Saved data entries
>>>>
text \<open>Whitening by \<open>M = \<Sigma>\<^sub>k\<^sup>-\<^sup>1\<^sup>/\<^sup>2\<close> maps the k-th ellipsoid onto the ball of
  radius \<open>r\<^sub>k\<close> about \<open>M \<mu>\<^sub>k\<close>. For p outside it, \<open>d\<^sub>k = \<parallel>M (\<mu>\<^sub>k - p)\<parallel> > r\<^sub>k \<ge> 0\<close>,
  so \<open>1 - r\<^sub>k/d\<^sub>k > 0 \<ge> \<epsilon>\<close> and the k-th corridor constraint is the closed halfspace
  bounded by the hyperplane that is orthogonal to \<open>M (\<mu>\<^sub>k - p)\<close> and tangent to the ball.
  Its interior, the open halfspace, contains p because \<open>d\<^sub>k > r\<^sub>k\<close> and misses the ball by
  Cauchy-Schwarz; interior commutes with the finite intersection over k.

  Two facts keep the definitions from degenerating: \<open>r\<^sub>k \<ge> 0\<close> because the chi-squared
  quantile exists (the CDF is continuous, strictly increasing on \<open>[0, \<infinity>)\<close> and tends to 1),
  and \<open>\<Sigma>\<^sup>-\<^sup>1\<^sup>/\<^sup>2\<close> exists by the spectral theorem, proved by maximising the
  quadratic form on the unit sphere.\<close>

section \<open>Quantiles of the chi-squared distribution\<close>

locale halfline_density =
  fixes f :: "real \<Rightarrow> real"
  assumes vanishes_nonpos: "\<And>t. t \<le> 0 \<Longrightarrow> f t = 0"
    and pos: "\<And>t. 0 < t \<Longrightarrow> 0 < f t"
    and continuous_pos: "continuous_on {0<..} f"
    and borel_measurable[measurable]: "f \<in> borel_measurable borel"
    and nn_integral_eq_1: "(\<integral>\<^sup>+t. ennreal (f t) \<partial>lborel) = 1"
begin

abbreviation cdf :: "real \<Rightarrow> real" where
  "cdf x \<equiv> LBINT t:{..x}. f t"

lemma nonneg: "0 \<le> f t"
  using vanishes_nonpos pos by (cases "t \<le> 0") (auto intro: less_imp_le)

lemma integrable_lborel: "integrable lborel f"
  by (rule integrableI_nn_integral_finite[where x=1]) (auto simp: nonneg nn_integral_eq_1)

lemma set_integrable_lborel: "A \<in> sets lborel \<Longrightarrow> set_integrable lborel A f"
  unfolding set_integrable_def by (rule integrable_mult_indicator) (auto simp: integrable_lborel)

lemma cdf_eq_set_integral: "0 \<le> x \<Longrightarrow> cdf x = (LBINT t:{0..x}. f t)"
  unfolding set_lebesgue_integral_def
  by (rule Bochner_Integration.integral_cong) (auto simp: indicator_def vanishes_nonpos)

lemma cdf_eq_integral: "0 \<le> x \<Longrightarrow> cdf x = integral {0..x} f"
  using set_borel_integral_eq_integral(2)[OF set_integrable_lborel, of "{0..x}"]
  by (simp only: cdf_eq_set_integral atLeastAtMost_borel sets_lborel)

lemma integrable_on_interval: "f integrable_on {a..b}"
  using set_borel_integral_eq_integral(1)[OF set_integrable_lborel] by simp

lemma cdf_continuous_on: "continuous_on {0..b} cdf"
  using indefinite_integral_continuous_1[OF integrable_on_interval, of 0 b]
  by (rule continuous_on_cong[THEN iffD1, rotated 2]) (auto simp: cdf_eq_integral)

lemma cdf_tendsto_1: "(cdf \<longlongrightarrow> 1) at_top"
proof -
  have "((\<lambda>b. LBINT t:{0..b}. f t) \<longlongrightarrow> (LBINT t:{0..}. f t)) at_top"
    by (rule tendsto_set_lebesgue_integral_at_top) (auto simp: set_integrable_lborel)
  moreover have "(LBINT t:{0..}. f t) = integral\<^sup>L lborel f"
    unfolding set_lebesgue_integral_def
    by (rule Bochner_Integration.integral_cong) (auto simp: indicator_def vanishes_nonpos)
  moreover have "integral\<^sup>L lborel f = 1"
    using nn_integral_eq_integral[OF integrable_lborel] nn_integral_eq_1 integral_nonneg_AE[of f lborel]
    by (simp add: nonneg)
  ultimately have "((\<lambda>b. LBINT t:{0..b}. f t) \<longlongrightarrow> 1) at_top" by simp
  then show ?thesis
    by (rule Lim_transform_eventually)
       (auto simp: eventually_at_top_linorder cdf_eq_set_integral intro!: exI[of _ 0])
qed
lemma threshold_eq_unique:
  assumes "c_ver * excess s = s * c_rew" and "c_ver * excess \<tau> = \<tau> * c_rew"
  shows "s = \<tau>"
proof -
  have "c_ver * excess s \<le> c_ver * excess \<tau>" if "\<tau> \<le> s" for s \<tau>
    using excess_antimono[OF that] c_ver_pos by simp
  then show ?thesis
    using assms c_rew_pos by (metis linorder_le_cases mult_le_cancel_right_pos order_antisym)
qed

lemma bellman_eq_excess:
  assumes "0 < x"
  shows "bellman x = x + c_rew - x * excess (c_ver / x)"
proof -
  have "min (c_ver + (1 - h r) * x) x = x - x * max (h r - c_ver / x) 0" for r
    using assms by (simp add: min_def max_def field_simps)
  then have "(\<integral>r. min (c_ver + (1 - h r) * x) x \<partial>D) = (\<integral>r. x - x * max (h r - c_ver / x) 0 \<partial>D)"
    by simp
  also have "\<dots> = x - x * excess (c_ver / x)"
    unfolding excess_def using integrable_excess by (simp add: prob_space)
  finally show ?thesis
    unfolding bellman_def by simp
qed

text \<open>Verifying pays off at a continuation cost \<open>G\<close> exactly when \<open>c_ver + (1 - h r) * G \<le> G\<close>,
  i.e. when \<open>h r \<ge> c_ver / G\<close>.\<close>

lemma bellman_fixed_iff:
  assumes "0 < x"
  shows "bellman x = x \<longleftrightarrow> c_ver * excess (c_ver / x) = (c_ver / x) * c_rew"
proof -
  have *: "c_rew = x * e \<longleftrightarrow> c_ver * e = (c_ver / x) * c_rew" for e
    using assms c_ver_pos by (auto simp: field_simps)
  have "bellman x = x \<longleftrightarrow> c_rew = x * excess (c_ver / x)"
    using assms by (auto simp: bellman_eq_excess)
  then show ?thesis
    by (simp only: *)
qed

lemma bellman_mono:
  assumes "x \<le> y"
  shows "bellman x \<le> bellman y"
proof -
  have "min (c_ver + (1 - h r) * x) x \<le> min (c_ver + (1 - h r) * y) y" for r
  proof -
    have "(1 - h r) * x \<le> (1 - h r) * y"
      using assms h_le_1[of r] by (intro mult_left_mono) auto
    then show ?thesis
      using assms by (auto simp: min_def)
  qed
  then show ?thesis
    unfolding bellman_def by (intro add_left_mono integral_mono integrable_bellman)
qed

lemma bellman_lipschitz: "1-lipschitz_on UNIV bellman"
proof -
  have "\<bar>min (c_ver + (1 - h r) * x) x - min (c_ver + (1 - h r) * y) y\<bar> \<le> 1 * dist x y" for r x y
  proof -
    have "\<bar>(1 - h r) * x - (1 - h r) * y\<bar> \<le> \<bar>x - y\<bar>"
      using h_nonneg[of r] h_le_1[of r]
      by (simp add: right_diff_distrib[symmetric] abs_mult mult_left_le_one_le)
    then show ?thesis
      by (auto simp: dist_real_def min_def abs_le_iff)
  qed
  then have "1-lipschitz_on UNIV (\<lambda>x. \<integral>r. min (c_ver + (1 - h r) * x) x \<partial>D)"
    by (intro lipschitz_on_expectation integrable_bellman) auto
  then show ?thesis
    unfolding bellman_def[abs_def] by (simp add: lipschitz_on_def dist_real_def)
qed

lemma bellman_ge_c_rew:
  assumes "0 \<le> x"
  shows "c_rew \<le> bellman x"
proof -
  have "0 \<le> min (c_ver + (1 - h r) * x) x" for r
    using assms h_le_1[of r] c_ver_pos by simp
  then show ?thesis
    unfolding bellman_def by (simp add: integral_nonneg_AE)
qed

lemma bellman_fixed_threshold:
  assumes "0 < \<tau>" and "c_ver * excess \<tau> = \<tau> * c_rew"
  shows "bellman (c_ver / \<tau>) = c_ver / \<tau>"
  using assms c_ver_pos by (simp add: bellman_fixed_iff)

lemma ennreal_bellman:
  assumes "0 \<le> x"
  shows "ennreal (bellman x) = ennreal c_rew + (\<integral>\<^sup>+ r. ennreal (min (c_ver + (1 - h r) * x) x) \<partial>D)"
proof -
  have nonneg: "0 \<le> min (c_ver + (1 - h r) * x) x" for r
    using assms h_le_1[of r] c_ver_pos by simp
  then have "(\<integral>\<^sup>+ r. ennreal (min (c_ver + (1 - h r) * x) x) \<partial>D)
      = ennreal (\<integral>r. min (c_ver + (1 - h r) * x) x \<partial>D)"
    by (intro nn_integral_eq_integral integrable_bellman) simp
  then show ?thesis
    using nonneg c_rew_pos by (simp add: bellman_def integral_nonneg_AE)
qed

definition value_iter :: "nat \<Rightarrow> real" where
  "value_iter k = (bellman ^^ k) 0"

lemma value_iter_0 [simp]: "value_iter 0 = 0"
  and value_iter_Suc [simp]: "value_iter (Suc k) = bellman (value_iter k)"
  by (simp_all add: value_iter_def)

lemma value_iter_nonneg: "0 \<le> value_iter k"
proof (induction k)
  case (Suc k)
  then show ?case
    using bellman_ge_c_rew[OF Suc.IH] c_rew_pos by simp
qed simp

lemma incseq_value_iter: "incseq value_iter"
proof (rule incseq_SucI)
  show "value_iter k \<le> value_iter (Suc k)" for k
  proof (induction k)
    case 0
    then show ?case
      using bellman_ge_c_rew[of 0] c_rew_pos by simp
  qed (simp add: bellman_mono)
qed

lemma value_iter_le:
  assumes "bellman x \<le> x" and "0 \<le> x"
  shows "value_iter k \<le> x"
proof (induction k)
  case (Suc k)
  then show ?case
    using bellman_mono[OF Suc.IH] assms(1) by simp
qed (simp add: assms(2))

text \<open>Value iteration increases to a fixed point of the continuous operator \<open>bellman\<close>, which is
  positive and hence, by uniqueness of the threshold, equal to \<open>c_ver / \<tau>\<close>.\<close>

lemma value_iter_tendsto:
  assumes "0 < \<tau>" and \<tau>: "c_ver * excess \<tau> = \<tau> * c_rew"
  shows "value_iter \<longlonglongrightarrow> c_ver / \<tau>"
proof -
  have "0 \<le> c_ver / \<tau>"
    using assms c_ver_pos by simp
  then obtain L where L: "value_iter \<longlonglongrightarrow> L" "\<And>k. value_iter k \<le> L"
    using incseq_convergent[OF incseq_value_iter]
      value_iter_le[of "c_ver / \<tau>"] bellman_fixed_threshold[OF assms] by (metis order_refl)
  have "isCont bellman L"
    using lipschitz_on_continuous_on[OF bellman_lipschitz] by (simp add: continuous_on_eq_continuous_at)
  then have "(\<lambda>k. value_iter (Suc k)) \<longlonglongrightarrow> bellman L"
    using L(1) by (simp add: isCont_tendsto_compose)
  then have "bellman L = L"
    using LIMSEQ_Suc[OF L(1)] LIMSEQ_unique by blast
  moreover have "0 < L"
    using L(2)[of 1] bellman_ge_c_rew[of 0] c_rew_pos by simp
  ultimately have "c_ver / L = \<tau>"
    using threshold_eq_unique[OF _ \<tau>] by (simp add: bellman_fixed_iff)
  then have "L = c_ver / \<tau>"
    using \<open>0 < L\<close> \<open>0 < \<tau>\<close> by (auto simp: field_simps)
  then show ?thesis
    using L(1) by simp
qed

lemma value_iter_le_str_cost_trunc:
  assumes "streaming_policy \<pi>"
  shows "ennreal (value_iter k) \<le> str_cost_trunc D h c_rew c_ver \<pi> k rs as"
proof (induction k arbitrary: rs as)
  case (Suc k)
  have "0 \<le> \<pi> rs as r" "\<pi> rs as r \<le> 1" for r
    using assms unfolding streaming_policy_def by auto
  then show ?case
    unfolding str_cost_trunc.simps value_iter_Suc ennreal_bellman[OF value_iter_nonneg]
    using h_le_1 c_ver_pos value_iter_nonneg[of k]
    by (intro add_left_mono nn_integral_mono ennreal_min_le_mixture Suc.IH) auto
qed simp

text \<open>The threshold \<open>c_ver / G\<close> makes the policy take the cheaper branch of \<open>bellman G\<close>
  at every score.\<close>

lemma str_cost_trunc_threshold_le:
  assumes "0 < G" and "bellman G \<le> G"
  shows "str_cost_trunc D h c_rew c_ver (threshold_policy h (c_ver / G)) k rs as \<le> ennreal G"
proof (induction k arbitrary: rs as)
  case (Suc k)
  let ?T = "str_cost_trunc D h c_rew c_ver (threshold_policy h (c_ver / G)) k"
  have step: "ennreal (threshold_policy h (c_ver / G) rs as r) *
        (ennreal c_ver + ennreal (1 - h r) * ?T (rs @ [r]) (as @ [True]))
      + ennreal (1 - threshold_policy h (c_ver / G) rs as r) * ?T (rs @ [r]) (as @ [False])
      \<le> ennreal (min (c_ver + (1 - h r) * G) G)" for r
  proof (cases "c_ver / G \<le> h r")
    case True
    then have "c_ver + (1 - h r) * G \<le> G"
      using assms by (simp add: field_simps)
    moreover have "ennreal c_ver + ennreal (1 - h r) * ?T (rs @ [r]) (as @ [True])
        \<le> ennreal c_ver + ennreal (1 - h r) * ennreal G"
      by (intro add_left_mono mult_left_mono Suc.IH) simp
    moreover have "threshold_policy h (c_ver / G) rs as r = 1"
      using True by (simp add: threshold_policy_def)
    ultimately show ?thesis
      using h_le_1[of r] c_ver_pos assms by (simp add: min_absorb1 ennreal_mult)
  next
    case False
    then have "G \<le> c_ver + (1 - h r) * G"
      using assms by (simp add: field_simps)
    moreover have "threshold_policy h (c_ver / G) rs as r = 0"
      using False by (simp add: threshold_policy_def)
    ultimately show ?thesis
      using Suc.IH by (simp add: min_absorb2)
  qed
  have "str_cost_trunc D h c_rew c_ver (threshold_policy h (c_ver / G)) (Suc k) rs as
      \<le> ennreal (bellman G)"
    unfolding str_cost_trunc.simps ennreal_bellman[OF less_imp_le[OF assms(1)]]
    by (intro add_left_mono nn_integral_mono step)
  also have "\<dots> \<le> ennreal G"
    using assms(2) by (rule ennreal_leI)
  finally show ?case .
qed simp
<<<<
• _Try it_: In the entries above, find the line holding "set_borel_integral_eq_integral(2)[OF set_integrable_lborel, of" and the line holding "by (rule continuous_on_cong[THEN"; print both of them and every line between, exactly, and nothing else.

• _Task response_:
  using set_borel_integral_eq_integral(2)[OF set_integrable_lborel, of "{0..x}"]
  by (simp only: cdf_eq_set_integral atLeastAtMost_borel sets_lborel)

lemma integrable_on_interval: "f integrable_on {a..b}"
  using set_borel_integral_eq_integral(1)[OF set_integrable_lborel] by simp

lemma cdf_continuous_on: "continuous_on {0..b} cdf"
  using indefinite_integral_continuous_1[OF integrable_on_interval, of 0 b]
  by (rule continuous_on_cong[THEN iffD1, rotated 2]) (auto simp: cdf_eq_integral)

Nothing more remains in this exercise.